A typical statics problem. a Problem statement. b A typical solution. Light gray = free body diagram, medium gray = equation, black = cross-out

Fig. 2
figure 2

Rectangles indicate typical equation groups from Fig. 1b

This prior work primarily examined the relationship between the amount of writing and the correctness of a solution. Here, we examine the hypothesis that the types of content comprising a solution, and the sequences in which it is arranged, relate to the correctness. For example, skilled problem-solvers often solve problems by manipulating the equations in symbolic form, and avoid substituting numerical values into the variables until the final step. One advantage of this approach is that it facilitates the identification of errors. For example, while it is clear that “F = mv” is an incorrect statement of Newton’s second law (force relates to acceleration not velocity), it is not readily apparent if “F = 20.0 * 4.5” is a correct statement of this law. Likewise, manipulating symbolic variables reduces transcription errors that can occur when manipulating multi-digit real numbers. Thus, having a majority of non-numerical symbols rather than numbers may be indicative of correctness.

In short, the present work examines the hypothesis that lexical properties of a student’s handwritten solution to a problem in a STEM course correlate with the correctness of the solution. We consider a number of lexical properties including the number of occurrences of various classes of symbols (e.g., letters, numbers, and mathematical symbols), the number of occurrences of various binary sequences of characters (e.g., a digit followed by a letter), and the number of tripartite sequences (e.g., a digit followed by a mathematical symbol followed by a letter).

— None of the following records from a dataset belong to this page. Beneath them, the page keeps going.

(* Let $f(x,y)=\mathbb{E}_{\xi\sim\mathcal{D}}[f(x,y;\xi)]$ on $\mathbb{R}^d\times\mathbb{R}^p$ and assume: (A2) for every $\xi$, $\nabla_x f(\cdot,\cdot;\xi)$ and $\nabla_y f(\cdot,\cdot;\xi)$ are $L_f$-Lipschitz in each of the arguments $x$ and $y$ separately; (A3) $\mathbb{E}_\xi[\nabla f(x,y;\xi)]=\nabla f(x,y)$ and $\mathbb{E}_\xi\|\nabla f(x,y)-\nabla f(x,y;\xi)\|^2\le\sigma^2$ for all $x,y$. Let $\{x_t,y_t,\tilde x_t,\tilde y_t,v_t,w_t\}$ be generated by the MSGDA algorithm (see context). Then for all $t\ge1$, $$\mathbb{E}\|v_{t+1}-\nabla_y f(x_{t+1},y_{t+1})\|^2\le(1-\alpha_{t+1})\mathbb{E}\|v_t-\nabla_y f(x_t,y_t)\|^2+2\alpha_{t+1}^2\sigma^2+4L_f^2\eta_t^2\,\mathbb{E}\big(\|\tilde x_{t+1}-x_t\|^2+\|\tilde y_{t+1}-y_t\|^2\big),$$ $$\mathbb{E}\|w_{t+1}-\nabla_x f(x_{t+1},y_{t+1})\|^2\le(1-\beta_{t+1})\mathbb{E}\|w_t-\nabla_x f(x_t,y_t)\|^2+2\beta_{t+1}^2\sigma^2+4L_f^2\eta_t^2\,\mathbb{E}\big(\|\tilde x_{t+1}-x_t\|^2+\|\tilde y_{t+1}-y_t\|^2\big).$$
   Context: MSGDA algorithm: given constants $\gamma,\lambda>0$, sequences $\eta_t>0$ and $\alpha_t,\beta_t\in(0,1]$, initial points $x_1,y_1$, and samples $\xi_1,\xi_2,\dots$ drawn i.i.d. from $\mathcal{D}$: set $v_1=\nabla_y f(x_1,y_1;\xi_1)$, $w_1=\nabla_x f(x_1,y_1;\xi_1)$, and for $t\ge1$: $\tilde y_{t+1}=y_t+\lambda v_t$, $\tilde x_{t+1}=x_t-\gamma w_t$; $y_{t+1}=y_t+\eta_t(\tilde y_{t+1}-y_t)$, $x_{t+1}=x_t+\eta_t(\tilde x_{t+1}-x_t)$; $v_{t+1}=\nabla_y f(x_{t+1},y_{t+1};\xi_{t+1})+(1-\alpha_{t+1})[v_t-\nabla_y f(x_t,y_t;\xi_{t+1})]$; $w_{t+1}=\nabla_x f(x_{t+1},y_{t+1};\xi_{t+1})+(1-\beta_{t+1})[w_t-\nabla_x f(x_t,y_t;\xi_{t+1})]$. *)

theory Defs
  imports "HOL-Probability.Probability"
begin

text \<open>MSGDA iterates driven by a sample sequence s (s i is the sample xi_i, i >= 1).
  The state at index t (t >= 1) is (x_t, y_t, v_t, w_t); index 0 is unused and
  coincides with index 1.  gx / gy are the stochastic partial gradients
  nabla_x f(x,y;xi), nabla_y f(x,y;xi).\<close>

fun msgda ::
  "('x::real_vector \<Rightarrow> 'y::real_vector \<Rightarrow> 's \<Rightarrow> 'x) \<Rightarrow> ('x \<Rightarrow> 'y \<Rightarrow> 's \<Rightarrow> 'y) \<Rightarrow>
   real \<Rightarrow> real \<Rightarrow> (nat \<Rightarrow> real) \<Rightarrow> (nat \<Rightarrow> real) \<Rightarrow> (nat \<Rightarrow> real) \<Rightarrow>
   'x \<Rightarrow> 'y \<Rightarrow> (nat \<Rightarrow> 's) \<Rightarrow> nat \<Rightarrow> 'x \<times> 'y \<times> 'y \<times> 'x" where
  "msgda gx gy \<gamma> lam \<eta> \<alpha> \<beta> x1 y1 s 0 = (x1, y1, gy x1 y1 (s 1), gx x1 y1 (s 1))"
| "msgda gx gy \<gamma> lam \<eta> \<alpha> \<beta> x1 y1 s (Suc 0) = (x1, y1, gy x1 y1 (s 1), gx x1 y1 (s 1))"
| "msgda gx gy \<gamma> lam \<eta> \<alpha> \<beta> x1 y1 s (Suc (Suc n)) =
    (case msgda gx gy \<gamma> lam \<eta> \<alpha> \<beta> x1 y1 s (Suc n) of (x, y, v, w) \<Rightarrow>
     (let t = Suc n;
          yt = y + lam *\<^sub>R v;
          xt = x - \<gamma> *\<^sub>R w;
          y' = y + \<eta> t *\<^sub>R (yt - y);
          x' = x + \<eta> t *\<^sub>R (xt - x);
          v' = gy x' y' (s (t + 1)) + (1 - \<alpha> (t + 1)) *\<^sub>R (v - gy x y (s (t + 1)));
          w' = gx x' y' (s (t + 1)) + (1 - \<beta> (t + 1)) *\<^sub>R (w - gx x y (s (t + 1)))
      in (x', y', v', w')))"

definition msgda_x where
  "msgda_x gx gy \<gamma> lam \<eta> \<alpha> \<beta> x1 y1 s t = fst (msgda gx gy \<gamma> lam \<eta> \<alpha> \<beta> x1 y1 s t)"
definition msgda_y where
  "msgda_y gx gy \<gamma> lam \<eta> \<alpha> \<beta> x1 y1 s t = fst (snd (msgda gx gy \<gamma> lam \<eta> \<alpha> \<beta> x1 y1 s t))"
definition msgda_v where
  "msgda_v gx gy \<gamma> lam \<eta> \<alpha> \<beta> x1 y1 s t = fst (snd (snd (msgda gx gy \<gamma> lam \<eta> \<alpha> \<beta> x1 y1 s t)))"
definition msgda_w where
  "msgda_w gx gy \<gamma> lam \<eta> \<alpha> \<beta> x1 y1 s t = snd (snd (snd (msgda gx gy \<gamma> lam \<eta> \<alpha> \<beta> x1 y1 s t)))"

Likewise, we also consider the number of equation groups and the number of occurrences of units of measure from (Stahovich and Lin 2016). We refer to these as “lexical properties” to emphasize that we do not consider the semantics of the symbols. Said differently, we do not interpret the meaning of the written solution but rather consider only the quantities of various types of textual elements.

As the work in (Stahovich and Lin 2016) suggests that the number of long inter-character pauses that occur as a student solves a problem in a STEM course is related to the correctness of the solution, we include this feature in our models. Similar to the lexical features, this feature can be computed without interpreting the meaning of the solution.

For our present study, we used Livescribe smartpens to collect a dataset of handwritten solutions to exam problems from an undergraduate engineering course on statics. The smartpens have an integrated camera and are used with dot-patterned paper. They serve the same function as a traditional ink pen and also record the work as time-stamped pen strokes, thus enabling both temporal and spatial analysis of the writing. Statics is the subdiscipline of engineering mechanics that examines the equilibrium of structures subject to forces. The solution to a statics problem typically includes free body diagrams and equilibrium equations. The former represent the forces acting on a system, while the latter are the application of Newton’s Second Law. Figure 1a shows a typical problem from an undergraduate statics course and Fig. 1b shows the sort of solution a student might generate for that problem.

This work demonstrates that the lexical properties of handwritten solutions to a problem in an undergraduate engineering course are predictive of the correctness of the solution. This work could provide the basis for an automated system to provide students with feedback on their homework. In large undergraduate STEM courses, it is often impractical to manually grade students’ homework. Our techniques provide an inexpensive and scalable means of estimating the correctness of this work. By examining the entire solution to a problem, our techniques complement traditional online homework systems that consider only the final answer (Demirci 2010). This sort of automated feedback would also be useful for online courses. While online courses provide an efficient means for delivering course content, there are currently no cost-effective methods for assessing handwritten work. Our techniques could provide the basis for creating such a method.

Related Work

Recent research has begun to examine the relationship between the amount of writing a student produces and academic achievement (Rawson et al. 2017; Van Arsdale and Stahovich 2012). For example, Rawson et al. (2017) examined students’ writing on homework assignments in an introductory engineering course and found that the amount of writing, measured both in terms of the number of pen strokes and the length of ink written, correlated positively and significantly with course grade. Similarly, Van Arsdale and Stahovich (2012) found that the amount of effort on equations correlated positively and significantly with the correctness of the work. These studies examined the amount of writing, not the content, and found that it correlated positively with outcomes. In the present work, we build upon these results by examining how lexical properties of the content correlate with the correctness of a student’s work.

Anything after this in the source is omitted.